Some people surely do struggle with greed in the way that Scrooge does, but I think for most there are different obstacles to mercy. It is not that someone is unwilling, but maybe feels unable to do more when faced with all of the challenges of their personal life. Or, perhaps we do not know where to begin in the light of all of the needs out there. Perhaps we have been burned by a scam or other situation that makes us hesitant to try again.

Where do we begin? We can begin through prayer by asking, “Lord, who can I reach out to today/this week?” Here we can discern a corporal or spiritual work of mercy that is within our capability. Another question may be: “who can I connect with to help practice love of neighbor in my life?” A group or organization can often accomplish more than we are able to alone. As a pastor, I would like to develop ways that my parishes can strengthen their outreach and coordinate the many good things already happening.
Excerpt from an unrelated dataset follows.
(* Let $\Omega=(\mathscr{M},\langle\cdot,\cdot\rangle_{\mathscr{M}},\mathsf{D},\mathfrak{A},\mathsf{L})$ be a metrized quantum vector bundle of type $(F,G,H)$ for some admissible triple $(F,G,H)$. For every $r\ge0$, the $\mathfrak{A}$-weak topology and the norm topology of $\|\cdot\|_{\mathscr{M}}$ coincide on $\mathscr{D}_r(\Omega)$.
   Context: Notation: for a unital C*-algebra $\mathfrak{A}$, $\mathfrak{sa}(\mathfrak{A})$ denotes the set of self-adjoint elements and $\mathscr{S}(\mathfrak{A})$ the state space; $\Re a=(a+a^* )/2$, $\Im a=(a-a^* )/(2i)$; the Jordan product is $a\circ b=(ab+ba)/2$ and the Lie product is $\{a,b\}=(ab-ba)/(2i)$. Convention: a seminorm $\mathsf{L}$ defined on a subspace $\mathrm{dom}(\mathsf{L})$ is extended by $\mathsf{L}(x)=\infty$ outside $\mathrm{dom}(\mathsf{L})$, with $0\cdot\infty=0$ and $\infty+r=\infty$. A function $F:[0,\infty)^4\to[0,\infty)$ is admissible if it is nondecreasing for the product order and $x_1x_3+x_2x_4\le F(x_1,x_2,x_3,x_4)$. An $F$-quasi-Leibniz quantum compact metric space $(\mathfrak{A},\mathsf{L})$ is a unital C*-algebra $\mathfrak{A}$ with a seminorm $\mathsf{L}$ on a dense subspace $\mathrm{dom}(\mathsf{L})\subseteq\mathfrak{sa}(\mathfrak{A})$ closed under $\circ$ and $\{\cdot,\cdot\}$, such that: (i) $\{a\in\mathrm{dom}(\mathsf{L}):\mathsf{L}(a)=0\}=\mathbb{R}1_{\mathfrak{A}}$; (ii) $\mathrm{mk}_{\mathsf{L}}(\varphi,\psi)=\sup\{|\varphi(a)-\psi(a)|:a\in\mathfrak{sa}(\mathfrak{A}),\mathsf{L}(a)\le1\}$ metrizes the weak* topology on $\mathscr{S}(\mathfrak{A})$; (iii) $\{a:\mathsf{L}(a)\le1\}$ is norm closed; (iv) $\max\{\mathsf{L}(a\circ b),\mathsf{L}(\{a,b\})\}\le F(\|a\|,\|b\|,\mathsf{L}(a),\mathsf{L}(b))$ for $a,b\in\mathrm{dom}(\mathsf{L})$. A triple $(F,G,H)$ is admissible if $F$ is admissible, $G:[0,\infty)^3\to[0,\infty)$ is nondecreasing in each variable with $(x+y)z\le G(x,y,z)$, and $H:[0,\infty)^2\to[0,\infty)$ is nondecreasing in each variable with $2xy\le H(x,y)$. A left Hilbert $\mathfrak{A}$-module $(\mathscr{M},\langle\cdot,\cdot\rangle_{\mathscr{M}})$ is a left $\mathfrak{A}$-module with a map $\langle\cdot,\cdot\rangle_{\mathscr{M}}:\mathscr{M}\times\mathscr{M}\to\mathfrak{A}$, linear in the first and conjugate-linear in the second variable, with $\langle a\omega,\eta\rangle=a\langle\omega,\eta\rangle$, $\langle\omega,\eta\rangle^*=\langle\eta,\omega\rangle$, $\langle\omega,\omega\rangle\ge0$ with equality only for $\omega=0$, and complete for $\|\omega\|_{\mathscr{M}}=\|\langle\omega,\omega\rangle_{\mathscr{M}}\|_{\mathfrak{A}}^{1/2}$. A metrized quantum vector bundle of type $(F,G,H)$ is a tuple $\Omega=(\mathscr{M},\langle\cdot,\cdot\rangle_{\mathscr{M}},\mathsf{D},\mathfrak{A},\mathsf{L})$ where $(\mathfrak{A},\mathsf{L})$ is an $F$-quasi-Leibniz quantum compact metric space (the base space), $(\mathscr{M},\langle\cdot,\cdot\rangle_{\mathscr{M}})$ is a left Hilbert $\mathfrak{A}$-module, and $\mathsf{D}$ (the D-norm) is a norm on a dense complex subspace $\mathrm{dom}(\mathsf{D})$ of $\mathscr{M}$ (extended by $\infty$) such that: (1) $\|\omega\|_{\mathscr{M}}\le\mathsf{D}(\omega)$; (2) $\{\omega:\mathsf{D}(\omega)\le1\}$ is compact for $\|\cdot\|_{\mathscr{M}}$; (3) $\mathsf{D}(a\omega)\le G(\|a\|_{\mathfrak{A}},\mathsf{L}(a),\mathsf{D}(\omega))$ for $a\in\mathfrak{sa}(\mathfrak{A})$, $\omega\in\mathscr{M}$; (4) $\max\{\mathsf{L}(\Re\langle\omega,\eta\rangle_{\mathscr{M}}),\mathsf{L}(\Im\langle\omega,\eta\rangle_{\mathscr{M}})\}\le H(\mathsf{D}(\omega),\mathsf{D}(\eta))$ for all $\omega,\eta\in\mathscr{M}$. For $r\ge0$, $\mathscr{D}_r(\Omega)=\{\omega\in\mathscr{M}:\mathsf{D}(\omega)\le r\}$. The $\mathfrak{A}$-weak topology on $\mathscr{M}$ is the weakest topology making all maps $\omega\mapsto\langle\omega,\eta\rangle_{\mathscr{M}}$ ($\eta\in\mathscr{M}$) continuous into $(\mathfrak{A},\|\cdot\|_{\mathfrak{A}})$. *)

theory Defs
  imports "HOL-Analysis.Analysis"
begin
The details are perhaps staggering, but let us keep the vision of Christ’s love in front of our eyes to inspire us for the future. May He keep the fires burning in our imagination to inspire us when the way is difficult. I’d like to end with some words from Scrooge’s closing song in The Muppet Christmas Carol: “With an open heart that is wide awake, I do make this promise: Every breath I take, Will be used now to sing your praise, And to beg you to share my days, With a loving guarantee, that even if we part- I will hold you close with a thankful heart.”


[Week 3 of the “Imagination in Action” series. Theme this week: Fasting]

GK Chesterton is one of my favorite authors, although at times he can be a difficult author to read! He loves clever turns of phrase, paradoxes, and indirect references. However, contained within this complex writing style is tremendous insight. One of his stories that I think represents all of these aspects is “Manalive.” It tells the strange tale of Innocent Smith, who arrives at an English boarding house with a great gust of wind and brings chaos in his wake. He seems to be a madman, and in the second part of the book is placed on trial. In the end, they conclude that his seemingly insane antics were actually designed to bring sanity to life. The title of the story describes what he wanted to be: a man alive, not merely one going through the motions.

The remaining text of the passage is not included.